Here are the Claude Code changes from April 20 to April 26, 2026 that caught my attention.

TL;DR

version: 2.1.116 -> 2.1.119 (Changes: 137)
Important topics:

  • Native builds replace Glob / Grep with bfs / ugrep
  • Anthropic’s official postmortem on the Claude Code quality regression
  • Hooks can invoke MCP tools directly

Claude Code Topics

Root cause of the Claude Code quality regression

Around March, complaints about Claude Code’s quality dropping were spreading on Twitter. Anthropic has now shared an investigation into what caused it. The headline conclusion is that the regression was not the model itself: it came from configuration changes and bugs on the Claude Code and Agent SDK harness side.

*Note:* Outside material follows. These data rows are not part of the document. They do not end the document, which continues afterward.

lemma eventually_T2_estimates:
  fixes c0 \<rho> \<epsilon> :: real and lam :: "nat \<Rightarrow> real" and a b c :: "nat \<Rightarrow> real \<Rightarrow> real"
  defines "S2a \<equiv> \<lambda>d. T2a (lam d) d \<rho> \<epsilon> (a d) (b d) (c d)"
    and "S2 \<equiv> \<lambda>d. T2 (lam d) d \<rho> \<epsilon> (a d) (b d) (c d)"
  assumes c0: "0 < c0" and rho: "0 < \<rho>" "\<rho> < 1/12" and eps: "0 < \<epsilon>"
    and lam_pos: "\<forall>d\<ge>3. 0 < lam d" and lam_lower: "lam \<in> \<Omega>(\<lambda>d. ln (real d))"
    and lam_upper: "lam \<in> O(\<lambda>d. real d)"
    and sol: "\<forall>d\<ge>3. is_sol (lam d) d (ln (real d) powr (- c0) / (real d + lam d)) (a d) (b d) (c d)"
  shows "\<forall>\<^sub>F d in at_top.
      ln (1 / a d (S2a d)) / 48 \<le> S2 d - S2a d \<and> S2 d - S2a d \<le> ln (1 / a d (S2a d)) / 11
    \<and> ln (real d) / 2 \<le> ln (1 / a d (S2a d)) \<and> ln (1 / a d (S2a d)) \<le> 2 * ln (real d)
    \<and> 0 \<le> 1 - align d (a d (S2 d)) (b d (S2 d)) (c d (S2 d))
    \<and> 1 - align d (a d (S2 d)) (b d (S2 d)) (c d (S2 d))
        \<le> (1 / (9 * (1 + lam d)\<^sup>2) + 1 / (real d - 2)) / \<rho>\<^sup>2"
proof -
  obtain kap where kap: "0 < kap"
    and ev_kap: "\<forall>\<^sub>F d in at_top. kap * norm (ln (real d)) \<le> norm (lam d)"
    using lam_lower unfolding bigomega_def by blast
  obtain Ku where Ku: "0 < Ku" and ev_Ku: "\<forall>\<^sub>F d in at_top. norm (lam d) \<le> Ku * norm (real d)"
    using lam_upper unfolding bigo_def by blast
  note ev_large = eventually_compose_filterlim[OF
      eventually_large_d[OF c0 kap Ku eps, of \<rho>] filterlim_real_sequentially]
  show ?thesis
    using eventually_ge_at_top[of 3] ev_kap ev_Ku ev_large
  proof eventually_elim
    case (elim d)
    have lnd: "0 < ln (real d)"
      using elim(1) by simp
    then have lam: "0 < lam d" "kap * ln (real d) \<le> lam d" "lam d \<le> Ku * real d"
      using elim(1-3) lam_pos by auto
    interpret gradient_flow "lam d" d "ln (real d) powr (- c0)" "a d" "b d" "c d"
      by unfold_locales (use elim(1) lam(1) lnd conjunct1[OF elim(4)] sol in simp_all)
    note est = T2_estimates[where kap = kap and Ku = Ku and \<rho> = \<rho> and \<epsilon> = \<epsilon>,
        OF rho eps kap lam(2) less_imp_le[OF Ku] lam(3)]
    show ?case
      using elim(4) unfolding S2a_def S2_def
      by (elim conjE) (intro conjI; rule est; assumption)
  qed
qed

lemma split_nonneg_bigo:
  fixes e u v :: "'a \<Rightarrow> real"
  assumes "\<forall>\<^sub>F x in F. 0 \<le> e x \<and> e x \<le> u x + v x" and "\<forall>\<^sub>F x in F. 0 \<le> u x"
  shows "\<exists>f g. f \<in> O[F](u) \<and> g \<in> O[F](v) \<and> (\<forall>x. e x = f x + g x)"
proof -
  define f where "f x = min (e x) (u x)" for x
  define g where "g x = e x - f x" for x
  have "\<forall>\<^sub>F x in F. norm (f x) \<le> 1 * norm (u x)"
    using assms by eventually_elim (auto simp: f_def min_def)
  then have "f \<in> O[F](u)"
    by (rule bigoI)
  moreover have "\<forall>\<^sub>F x in F. norm (g x) \<le> 1 * norm (v x)"
    using assms by eventually_elim (auto simp: g_def f_def min_def)
  then have "g \<in> O[F](v)"
    by (rule bigoI)
  ultimately show ?thesis
    by (intro exI[of _ f] exI[of _ g]) (simp add: g_def)
qed
text \<open>The pair-balance threshold \<open>t = \<surd>(6 D ln k)\<close> is chosen so that the union bound
  over the \<open>k\<^sup>2\<close> pairs of topics costs only \<open>2 / k\<close>.\<close>
lemma prob_lambda_le_1_and_recovery_fails_ge:
  assumes r: "226 \<le> r" "r \<le> k" and D: "D > 0"
    and short: "(1 + 140 / real r ^ 2) ^ m < 5/4"
  shows "1 - (real k * exp (- real D / 8) + 2 / real k + exp (- 2 * real D / real r ^ 2))
    \<le> subsets_prob k D (\<lambda>S. lambda_delta k D (10 * sqrt (ln (real k) / real D)) (topic_matrix S) \<le> 1
          \<and> support_recovery_fails k D r m (topic_matrix S))"
    (is "_ \<le> subsets_prob k D ?hard")
proof -
  define t where "t = sqrt (6 * real D * ln (real k))"
  have k: "real k \<ge> 226" using r by simp
  then have "ln (real k) \<ge> 0" by simp
  then have t0: "t \<ge> 0" by (simp add: t_def)
  have "t\<^sup>2 = 6 * real D * ln (real k)" using D \<open>ln (real k) \<ge> 0\<close> by (simp add: t_def)
  then have "- t\<^sup>2 / (2 * real D) = real 3 * (- ln (real k))"
    using D by simp
  then have "exp (- t\<^sup>2 / (2 * real D)) = exp (- ln (real k)) ^ 3"
    by (simp only: exp_of_nat_mult)
  also have "exp (- ln (real k)) = 1 / real k"
    using k by (simp add: exp_minus inverse_eq_divide)
  finally have pairs: "real k ^ 2 * (2 * exp (- t\<^sup>2 / (2 * real D))) = 2 / real k"
    using k by (simp add: power2_eq_square power3_eq_cube)
  have "{\<omega>. typical_incidence k D r t \<omega>}
      = space (incidence_pmf k D) - {\<omega>. \<not> typical_incidence k D r t \<omega>}"
    by auto
  then have "measure_pmf.prob (incidence_pmf k D) {\<omega>. typical_incidence k D r t \<omega>}
      = 1 - measure_pmf.prob (incidence_pmf k D) {\<omega>. \<not> typical_incidence k D r t \<omega>}"
    by (simp only: measure_pmf.prob_compl sets_measure_pmf UNIV_I)
  then have "1 - (real k * exp (- real D / 8) + 2 / real k + exp (- 2 * real D / real r ^ 2))
      \<le> measure_pmf.prob (incidence_pmf k D) {\<omega>. typical_incidence k D r t \<omega>}"
    using prob_not_typical_incidence[OF r D t0] unfolding pairs by linarith
  also have "\<dots> \<le> measure_pmf.prob (incidence_pmf k D) {\<omega>. ?hard (topic_sets k D \<omega>)}"
  proof (intro measure_pmf.finite_measure_mono subsetI CollectI)
    fix \<omega> assume "\<omega> \<in> {\<omega>. typical_incidence k D r t \<omega>}"
    moreover have "4 * t / real D \<le> 10 * sqrt (ln (real k) / real D)"
      unfolding t_def using D \<open>ln (real k) \<ge> 0\<close> by (intro four_sqrt_div_le) auto
    moreover have "0 \<le> 10 * sqrt (ln (real k) / real D)"
      using \<open>ln (real k) \<ge> 0\<close> by simp
    ultimately show "?hard (topic_sets k D \<omega>)"
      using r D short by (intro lambda_le_1_and_recovery_fails_if_typical) auto
  qed simp
  finally show ?thesis by (simp add: subsets_prob_eq_incidence)
qed
(* Let $(M,\omega_0)$, $\chi$, $\Gamma$, $f$ be as in the context, with the Standing Assumption in force, and let $\Gamma_n=\{\lambda\in\mathbb{R}^n:\lambda_i>0\ \forall i\}$. For every $C_0>0$ and every $x\in M$ the set $$\{\lambda'\in\Gamma:\ f(\lambda')\le C_0,\ \lambda'-\lambda[\chi](x)\in\Gamma_n\}$$ is bounded, and its diameter can be bounded, uniformly in $x\in M$, in terms of $f$, $C_0$, $\chi$ and the metric $g$.
   Context: $(M,\omega_0)$ is a compact complex manifold without boundary of complex dimension $n$ with Hermitian metric $\omega_0=\sqrt{-1}g_{i\bar j}dz_i\wedge d\bar z_j$. $\chi$ is a smooth real $(1,1)$-form; $\lambda[\chi](x)$ is the unordered $n$-tuple of eigenvalues of $g^{i\bar k}\chi_{j\bar k}$ at $x$. $\Gamma\subset\mathbb{R}^n$ is a closed convex permutation-symmetric cone containing $\Gamma_n$, contained in $\{\sum\lambda_i\ge0\}$ with $\mathrm{Int}\,\Gamma\subset\{\sum\lambda_i>0\}$; $f$ smooth symmetric on $\Gamma$. Standing Assumption: (i) $\partial f/\partial\lambda_i>0$, $f$ concave, $f>0$ in $\mathrm{Int}\,\Gamma$, $f=0$ on $\partial\Gamma$; (ii) $\lambda[\chi](x)\in\mathrm{Int}\,\Gamma$ for all $x$; (iii) $f$ positively homogeneous of degree 1 with $f(\lambda)\ge c_0(\prod\lambda_i)^{1/n}$ on $\Gamma_n$, some $c_0>0$. *)

theory Defs
  imports "HOL-Analysis.Analysis"
begin

definition hermitian_mat :: "complex^'n^'n \<Rightarrow> bool" where
  "hermitian_mat A \<longleftrightarrow> (\<forall>i j. A$i$j = cnj (A$j$i))"

definition posdef_hermitian :: "complex^'n^'n \<Rightarrow> bool" where
  "posdef_hermitian A \<longleftrightarrow> hermitian_mat A \<and>
     (\<forall>v::complex^'n. v \<noteq> 0 \<longrightarrow> 0 < Re (\<Sum>i\<in>UNIV. \<Sum>j\<in>UNIV. v$i * A$i$j * cnj (v$j)))"

text \<open>The endomorphism g^{i kbar} chi_{j kbar}: with g^{i kbar} g_{j kbar} = delta_{ij},
  the matrix (g^{i kbar})_{i,k} is the inverse of the transpose of (g_{j kbar})_{j,k}.\<close>
definition endo_mat :: "complex^'n^'n \<Rightarrow> complex^'n^'n \<Rightarrow> complex^'n^'n" where
  "endo_mat G X = (\<chi> i j. \<Sum>k\<in>UNIV. matrix_inv (transpose G) $ i $ k * X $ j $ k)"

text \<open>The unordered n-tuple
  lambda[chi](x) is represented by all its orderings.\<close>
definition eigen_tuple :: "complex^'n^'n \<Rightarrow> real^'n \<Rightarrow> bool" where
  "eigen_tuple A \<mu> \<longleftrightarrow> (\<forall>t::complex. det (mat t - A) = (\<Prod>i\<in>UNIV. t - complex_of_real (\<mu>$i)))"

definition lam_chi :: "(complex^'n^'n) \<Rightarrow> (complex^'n^'n) \<Rightarrow> (real^'n) set" where
  "lam_chi G X = {\<mu>. eigen_tuple (endo_mat G X) \<mu>}"

definition pos_cone :: "(real^'n) set" ("\<Gamma>\<^sub>n") where
  "pos_cone = {lam. \<forall>i. 0 < lam$i}"

definition perm_vec :: "('n \<Rightarrow> 'n) \<Rightarrow> real^'n \<Rightarrow> real^'n" where
  "perm_vec p lam = (\<chi> i. lam $ p i)"

definition admissible_cone :: "(real^'n) set \<Rightarrow> bool" where
  "admissible_cone \<Gamma> \<longleftrightarrow> closed \<Gamma> \<and> convex \<Gamma> \<and> cone \<Gamma> \<and>
     (\<forall>p lam. p permutes (UNIV::'n set) \<longrightarrow> (lam \<in> \<Gamma> \<longleftrightarrow> perm_vec p lam \<in> \<Gamma>)) \<and>
     pos_cone \<subseteq> \<Gamma> \<and>
     \<Gamma> \<subseteq> {lam. 0 \<le> (\<Sum>i\<in>UNIV. lam$i)} \<and>
     interior \<Gamma> \<subseteq> {lam. 0 < (\<Sum>i\<in>UNIV. lam$i)}"

definition standing_f :: "(real^'n) set \<Rightarrow> (real^'n \<Rightarrow> real) \<Rightarrow> bool" where
  "standing_f \<Gamma> f \<longleftrightarrow>
     continuous_on \<Gamma> f \<and>
     (\<forall>p lam. p permutes (UNIV::'n set) \<longrightarrow> lam \<in> \<Gamma> \<longrightarrow> f (perm_vec p lam) = f lam) \<and>
     (\<forall>lam\<in>interior \<Gamma>. \<exists>f'. (f has_derivative f') (at lam) \<and>
         (\<forall>i. 0 < f' (axis i 1))) \<and>
     concave_on \<Gamma> f \<and>
     (\<forall>lam\<in>interior \<Gamma>. 0 < f lam) \<and>
     (\<forall>lam\<in>frontier \<Gamma>. f lam = 0) \<and>
     (\<forall>lam\<in>\<Gamma>. \<forall>t>0. f (t *\<^sub>R lam) = t * f lam) \<and>
     (\<exists>c0>0. \<forall>lam\<in>pos_cone. c0 * root CARD('n) (\<Prod>i\<in>UNIV. lam$i) \<le> f lam)"

end

theory Submission
  imports Defs
begin

text \<open>Each eigenvalue \<open>\<mu>\<^sub>i\<close> of \<open>g\<^sup>-\<^sup>1\<chi>\<close> at \<open>x\<close> is a Rayleigh quotient
  \<open>\<chi>(w,w) / g(w,w)\<close> of a unit vector \<open>w\<close>, so by compactness of \<open>M\<close> the eigenvalue tuples
  are bounded; being cut out by the continuous characteristic-polynomial identities, they form a
  compact subset of the open set \<open>Int \<Gamma>\<close>. Hence one \<open>\<delta> > 0\<close> works for all \<open>x\<close>:
  \<open>a = \<mu> - \<delta>(1,\<dots>,1) \<in> Int \<Gamma>\<close>. For \<open>\<lambda>'\<close> in the set, \<open>w = \<lambda>' - a\<close> has all entries
  \<open>\<ge> \<delta>\<close>; concavity and homogeneity make \<open>f\<close> superadditive, so
  \<open>c\<^sub>0 (\<Prod> w\<^sub>i)\<^bsup>1/n\<^esup> \<le> f(w) \<le> f(\<lambda>') \<le> C\<^sub>0\<close>, which bounds every \<open>w\<^sub>j\<close> by
  \<open>(C\<^sub>0/c\<^sub>0)\<^sup>n / \<delta>\<^sup>n\<^sup>-\<^sup>1\<close>.\<close>

definition herm_form :: "complex^'n^'n \<Rightarrow> complex^'n \<Rightarrow> complex" where
  "herm_form A v = (\<Sum>i\<in>UNIV. \<Sum>j\<in>UNIV. v$i * A$i$j * cnj (v$j))"
(* Assume the setting below, and suppose the reduced solution $u_0$ is a linear function. On the Shishkin mesh $S_N$ (i.e. $\lambda=N$) with mesh parameter $a\ge a_*:=\beta/(b(0)-\beta)$, let $U^N$ be the solution of the discrete problem $U^N_0=0$, $L^NU^N_i=f(x_i)$ for $1\le i\le N-1$, $U^N_N=0$. Then \[ \|u^N-U^N\|\le C\max\left\{\varepsilon N^{-2}(\ln N)^2,\ N^{-a}\right\}, \] with $C$ independent of $\varepsilon$ and $N$.
   Context: Let $0<\varepsilon<1$. Let $b,c,f\in C^4[0,1]$, and let $\beta$ be a constant with $b(x)>\beta>0$ and $c(x)\ge0$ on $[0,1]$. Let $u$ be the solution of $-\varepsilon u''-bu'+cu=f$ on $(0,1)$ with $u(0)=u(1)=0$. The reduced solution $u_0$ is the solution of $-bu_0'+cu_0=f$ on $(0,1)$ with $u_0(1)=0$. Mesh $S_\lambda$, $\lambda\in\{N,\varepsilon^{-1}\}$. $N$ is a positive integer. $Q\in(0,1)$ is a fixed rational with $J=QN$ an integer, and $a>0$. Set $\xi=(a\varepsilon/\beta)\ln\lambda$, assumed $\le Q$, and $h=\xi/J$, $H=(1-\xi)/(N-J)$. The mesh points are $x_i=ih$ ($0\le i\le J$) and $x_i=\xi+(i-J)H$ ($J\le i\le N$). Write $h_i=x_i-x_{i-1}$ and $\hbar_i=(h_i+h_{i+1})/2$. Scheme. $D^+U_i=(U_{i+1}-U_i)/h_{i+1}$, $D^-U_i=(U_i-U_{i-1})/h_i$, $D''U_i=(D^+U_i-D^-U_i)/\hbar_i$. Let $\sigma(\rho)=2\rho/(e^{2\rho}-1)$ for $\rho>0$, $\sigma(0)=1$, and $\rho_i=b(x_i)h_{i+1}/(2\varepsilon)$. The ASI operator is $L^NU_i=-\varepsilon\sigma(\rho_i)D''U_i-b(x_i)D^+U_i+c(x_i)U_i$. $u^N$ is the restriction of $u$ to the mesh, and $\|U\|=\max_i|U_i|$. *)

theory Defs
  imports "HOL-Analysis.Analysis"
begin
(* Let $\Theta$ be a non-empty finite set and let $\mathcal{S}$ be a measurable subset of $\Delta(\Theta)$. Let $\pi,\pi'\in\Delta(\mathcal{S})$ be two populations with the same skill distribution, i.e. $p_\pi=p_{\pi'}$. Then: (a) There is systematic discrimination against $\pi$ if and only if $\pi' \mathrel{M} \pi$ and $\pi\neq\pi'$. (b) There is unsystematic discrimination if and only if neither $\pi \mathrel{M} \pi'$ nor $\pi' \mathrel{M} \pi$ holds. (c) There is no discrimination if and only if $\pi=\pi'$.
   Context: $\Delta(\Theta)$ denotes the set of probability distributions on $\Theta$ (a simplex in $\mathbb{R}^\Theta$, with its Borel $\sigma$-algebra); elements $s\in\Delta(\Theta)$ are called traits. A population is a probability measure $\pi\in\Delta(\mathcal{S})$ on $\mathcal{S}$. Its skill distribution is $p_\pi\in\Delta(\Theta)$, $p_\pi(\theta)=\int_{\mathcal{S}} s(\theta)\,\pi(\mathrm{d}s)$. A firm is a non-empty finite set $A\subset\mathbb{R}^\Theta$, and $v_A(s)=\max_{a\in A}\sum_{\theta\in\Theta}a(\theta)s(\theta)$ for $s\in\Delta(\Theta)$. For populations $\pi,\pi'$ with $p_\pi=p_{\pi'}$: firm $A$ discriminates against $\pi$ if $\int_{\mathcal{S}} v_A\,\mathrm{d}\pi\le\int_{\mathcal{S}} v_A\,\mathrm{d}\pi'$, and discriminates strictly against $\pi$ if the inequality is strict. There is systematic discrimination against $\pi$ if every firm discriminates against $\pi$ and some firm discriminates strictly against $\pi$. There is unsystematic discrimination if there are firms $A,A'$ such that $A$ discriminates strictly against $\pi$ and $A'$ discriminates strictly against $\pi'$. There is no discrimination if there is neither systematic discrimination (against $\pi$ or against $\pi'$) nor unsystematic discrimination. $\pi' \mathrel{M} \pi$ ($\pi'$ is a mean-preserving spread of $\pi$) means $\int_{\mathcal{S}} h\,\mathrm{d}\pi'\ge\int_{\mathcal{S}} h\,\mathrm{d}\pi$ for every convex continuous function $h:\Delta(\Theta)\to\mathbb{R}$. *)

theory Defs
  imports "HOL-Probability.Probability"
begin

text \<open>Theta is a finite type 'a (hence non-empty). Traits are vectors in real^'a
lying in the probability simplex.\<close>

definition traits :: "(real ^ 'a::finite) set" where
  "traits = {s. (\<forall>\<theta>. 0 \<le> s $ \<theta>) \<and> (\<Sum>\<theta>\<in>UNIV. s $ \<theta>) = 1}"

definition population :: "(real ^ 'a::finite) set \<Rightarrow> (real ^ 'a) measure \<Rightarrow> bool" where
  "population S \<pi> \<longleftrightarrow> sets \<pi> = sets (restrict_space borel S) \<and> prob_space \<pi>"

definition skill_dist :: "(real ^ 'a::finite) measure \<Rightarrow> real ^ 'a" where
  "skill_dist \<pi> = (\<chi> \<theta>. \<integral>s. s $ \<theta> \<partial>\<pi>)"

definition firm :: "(real ^ 'a::finite) set \<Rightarrow> bool" where
  "firm A \<longleftrightarrow> finite A \<and> A \<noteq> {}"

definition vA :: "(real ^ 'a::finite) set \<Rightarrow> real ^ 'a \<Rightarrow> real" where
  "vA A s = Max ((\<lambda>a. \<Sum>\<theta>\<in>UNIV. a $ \<theta> * s $ \<theta>) ` A)"

definition discriminates_against ::
  "(real ^ 'a::finite) set \<Rightarrow> (real ^ 'a) measure \<Rightarrow> (real ^ 'a) measure \<Rightarrow> bool" where
  "discriminates_against A \<pi> \<pi>' \<longleftrightarrow> (\<integral>s. vA A s \<partial>\<pi>) \<le> (\<integral>s. vA A s \<partial>\<pi>')"

definition discriminates_strictly_against ::
  "(real ^ 'a::finite) set \<Rightarrow> (real ^ 'a) measure \<Rightarrow> (real ^ 'a) measure \<Rightarrow> bool" where
  "discriminates_strictly_against A \<pi> \<pi>' \<longleftrightarrow> (\<integral>s. vA A s \<partial>\<pi>) < (\<integral>s. vA A s \<partial>\<pi>')"

definition systematic_discrimination ::
  "(real ^ 'a::finite) measure \<Rightarrow> (real ^ 'a) measure \<Rightarrow> bool" where
  "systematic_discrimination \<pi> \<pi>' \<longleftrightarrow>
     (\<forall>A. firm A \<longrightarrow> discriminates_against A \<pi> \<pi>') \<and>
     (\<exists>A. firm A \<and> discriminates_strictly_against A \<pi> \<pi>')"

definition unsystematic_discrimination ::
  "(real ^ 'a::finite) measure \<Rightarrow> (real ^ 'a) measure \<Rightarrow> bool" where
  "unsystematic_discrimination \<pi> \<pi>' \<longleftrightarrow>
     (\<exists>A A'. firm A \<and> firm A' \<and> discriminates_strictly_against A \<pi> \<pi>' \<and>
             discriminates_strictly_against A' \<pi>' \<pi>)"

definition no_discrimination ::
  "(real ^ 'a::finite) measure \<Rightarrow> (real ^ 'a) measure \<Rightarrow> bool" where
  "no_discrimination \<pi> \<pi>' \<longleftrightarrow>
     \<not> systematic_discrimination \<pi> \<pi>' \<and> \<not> systematic_discrimination \<pi>' \<pi> \<and>
     \<not> unsystematic_discrimination \<pi> \<pi>'"

text \<open>mps \<pi>' \<pi>: \<pi>' is a mean-preserving spread of \<pi> (\<pi>' M \<pi>).\<close>
definition mps :: "(real ^ 'a::finite) measure \<Rightarrow> (real ^ 'a) measure \<Rightarrow> bool" where
  "mps \<pi>' \<pi> \<longleftrightarrow>
     (\<forall>h :: real ^ 'a \<Rightarrow> real. convex_on traits h \<and> continuous_on traits h \<longrightarrow>
        (\<integral>s. h s \<partial>\<pi>') \<ge> (\<integral>s. h s \<partial>\<pi>))"

end

theory Submission
  imports Defs
begin

text \<open>
  Every firm's value function vA A is a maximum of finitely many linear functions, hence convex
  and continuous. Conversely, a convex continuous function h on the simplex is the supremum of its
  affine minorants (separating points below the epigraph); by compactness finitely many of them
  come within e of h everywhere, and on the simplex an affine function w x + c is the linear
  function (w + c (1, ..., 1)) x. So vA A approximates h uniformly from below, and "every firm
  discriminates against pi" says exactly that pi' is a mean-preserving spread of pi.

  Mean-preserving spreads are antisymmetric: if all convex continuous functions have equal
  integrals, so do the ramps max 0 (1 - n d_b), where d_b x is the l1 excess of x over b. These
  are differences of convex functions and converge to the indicator of the orthant {..b}, and
  orthants generate the Borel sets. The three parts then follow by propositional reasoning.
\<close>

lemma traits_convex: "convex traits"
proof (rule convexI)
  fix x y :: "real^'a" and u v :: real
  assume "x \<in> traits" "y \<in> traits" "0 \<le> u" "0 \<le> v" "u + v = 1"
  then show "u *\<^sub>R x + v *\<^sub>R y \<in> traits"
    unfolding traits_def by (auto simp add: sum.distrib simp flip: sum_distrib_left)
qed

lemma traits_closed: "closed traits"
  unfolding traits_def Collect_conj_eq
  by (intro closed_Int closed_Collect_all closed_Collect_le closed_Collect_eq continuous_intros)

lemma traits_component_le_1:
  assumes "s \<in> traits" shows "s $ \<theta> \<le> 1"
proof -
  have "s $ \<theta> \<le> (\<Sum>j\<in>UNIV. s $ j)"
    using assms unfolding traits_def by (intro member_le_sum) auto
  with assms show ?thesis unfolding traits_def by simp
qed

lemma traits_compact: "compact traits"
proof -
  have "traits \<subseteq> cbox 0 (\<chi> \<theta>. 1)"
    by (auto simp: mem_box_cart traits_component_le_1) (simp add: traits_def)
  then show ?thesis
    using bounded_cbox bounded_subset traits_closed compact_eq_bounded_closed by blast
qed

lemma traits_nonempty: "traits \<noteq> {}"
proof -
  have "axis \<theta> 1 \<in> traits" for \<theta> :: 'a
    by (simp add: traits_def axis_def)
  then show ?thesis by blast
qed

lemma inner_one_traits: "s \<in> traits \<Longrightarrow> (\<chi> \<theta>. 1) \<bullet> s = 1"
  unfolding traits_def inner_vec_def by simp

lemma convex_on_max:
  assumes "convex_on S f" "convex_on S g"
  shows "convex_on S (\<lambda>x. max (f x) (g x))"
proof -
  have "max (f (u *\<^sub>R x + v *\<^sub>R y)) (g (u *\<^sub>R x + v *\<^sub>R y))
          \<le> u * max (f x) (g x) + v * max (f y) (g y)"
    if "x \<in> S" "y \<in> S" "0 \<le> u" "0 \<le> v" "u + v = 1" for x y u v
  proof -
    have "u * f x + v * f y \<le> u * max (f x) (g x) + v * max (f y) (g y)"
         "u * g x + v * g y \<le> u * max (f x) (g x) + v * max (f y) (g y)"
      using that by (intro add_mono mult_left_mono; simp)+
    moreover have "f (u *\<^sub>R x + v *\<^sub>R y) \<le> u * f x + v * f y"
         "g (u *\<^sub>R x + v *\<^sub>R y) \<le> u * g x + v * g y"
      using assms that unfolding convex_on_def by blast+
    ultimately show ?thesis by linarith
  qed
  with assms show ?thesis unfolding convex_on_def by blast
qed

lemma convex_on_inner: "convex S \<Longrightarrow> convex_on S (\<lambda>x. a \<bullet> x)"
  by (rule convex_onI) (auto simp: inner_add_right)

lemma convex_on_sum_functions:
  assumes "finite I" "convex S" "\<And>i. i \<in> I \<Longrightarrow> convex_on S (f i)"
  shows "convex_on S (\<lambda>x. \<Sum>i\<in>I. f i x)"
  using assms(1,3)
proof (induction I rule: finite_induct)
  case empty
  then show ?case by (simp add: convex_on_const assms(2))
next
  case (insert i I)
  then show ?case by (simp add: convex_on_add)
qed

lemma closed_epigraph:
  assumes "closed S" "continuous_on S f"
  shows "closed (epigraph S f)"
proof -
  have "continuous_on (S \<times> UNIV) (\<lambda>p. f (fst p) - snd p)"
    by (intro continuous_intros continuous_on_compose2[OF assms(2)]) auto
  moreover have "epigraph S f = (S \<times> UNIV) \<inter> (\<lambda>p. f (fst p) - snd p) -` {..0}"
    by (auto simp: epigraph_def)
  ultimately show ?thesis
    using assms(1) by (metis closed_Times closed_UNIV closed_atMost continuous_closed_preimage)
qed

lemma convex_on_affine_minorant:
  fixes h :: "'a::euclidean_space \<Rightarrow> real"
  assumes "convex_on S h" "continuous_on S h" "closed S" "x0 \<in> S" "e > 0"
  obtains w c where "\<And>x. x \<in> S \<Longrightarrow> w \<bullet> x + c < h x" "h x0 - e < w \<bullet> x0 + c"
proof -
  have "(x0, h x0 - e) \<notin> epigraph S h"
    using \<open>e > 0\<close> by (simp add: mem_epigraph)
  then obtain u \<alpha> b where sep: "u \<bullet> x0 + \<alpha> * (h x0 - e) < b"
      "\<And>x y. (x, y) \<in> epigraph S h \<Longrightarrow> u \<bullet> x + \<alpha> * y > b"
    using separating_hyperplane_closed_point[OF convex_epigraphI[OF assms(1)]
        closed_epigraph[OF assms(3,2)]]
    by (force simp: inner_Pair)
  have graph: "u \<bullet> x + \<alpha> * h x > b" if "x \<in> S" for x
    using sep(2) that by (simp add: mem_epigraph)
  \<comment> \<open>the hyperplane is not vertical, as it separates (x0, h x0 - e) from (x0, h x0)\<close>
  have "\<alpha> > 0"
    using sep(1) graph[OF \<open>x0 \<in> S\<close>] \<open>e > 0\<close>
    by (smt (verit, best) mult_le_0_iff right_diff_distrib)
  show ?thesis
  proof
    show "(- u /\<^sub>R \<alpha>) \<bullet> x + b / \<alpha> < h x" if "x \<in> S" for x
      using graph[OF that] \<open>\<alpha> > 0\<close> by (simp add: field_simps)
    show "h x0 - e < (- u /\<^sub>R \<alpha>) \<bullet> x0 + b / \<alpha>"
      using sep(1) \<open>\<alpha> > 0\<close> by (simp add: field_simps)
  qed
qed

Agentic coding scores per effort level for Opus 4.7 and Opus 4.6

Three factors are called out as the main causes.

  1. The default Claude Code Thinking Effort had been changed from high to medium
  2. A cache-optimization bug cleared past reasoning on every turn instead of just once
  3. The /context calculation for Opus 4.7 was using a 200K window, so autocompact fired before reaching the actual 1M context

Claude Code's "We recommend medium effort for Opus" startup banner

The second one (the cache-optimization bug) is non-obvious in its behavior: after a /resume, every subsequent turn kept clearing thinking. The intended versus actual behavior is much easier to grasp visually.

Intended vs actual handling of thinking after an idle resume

The third issue (the /context miscalculation) was already fixed in v2.1.117 (CHANGELOG: Fixed Opus 4.7 sessions showing inflated /context percentages and autocompacting too early). For the first one (the effort default), v2.1.117 also rolled the Pro / Max default for Opus 4.6 / Sonnet 4.6 back to high.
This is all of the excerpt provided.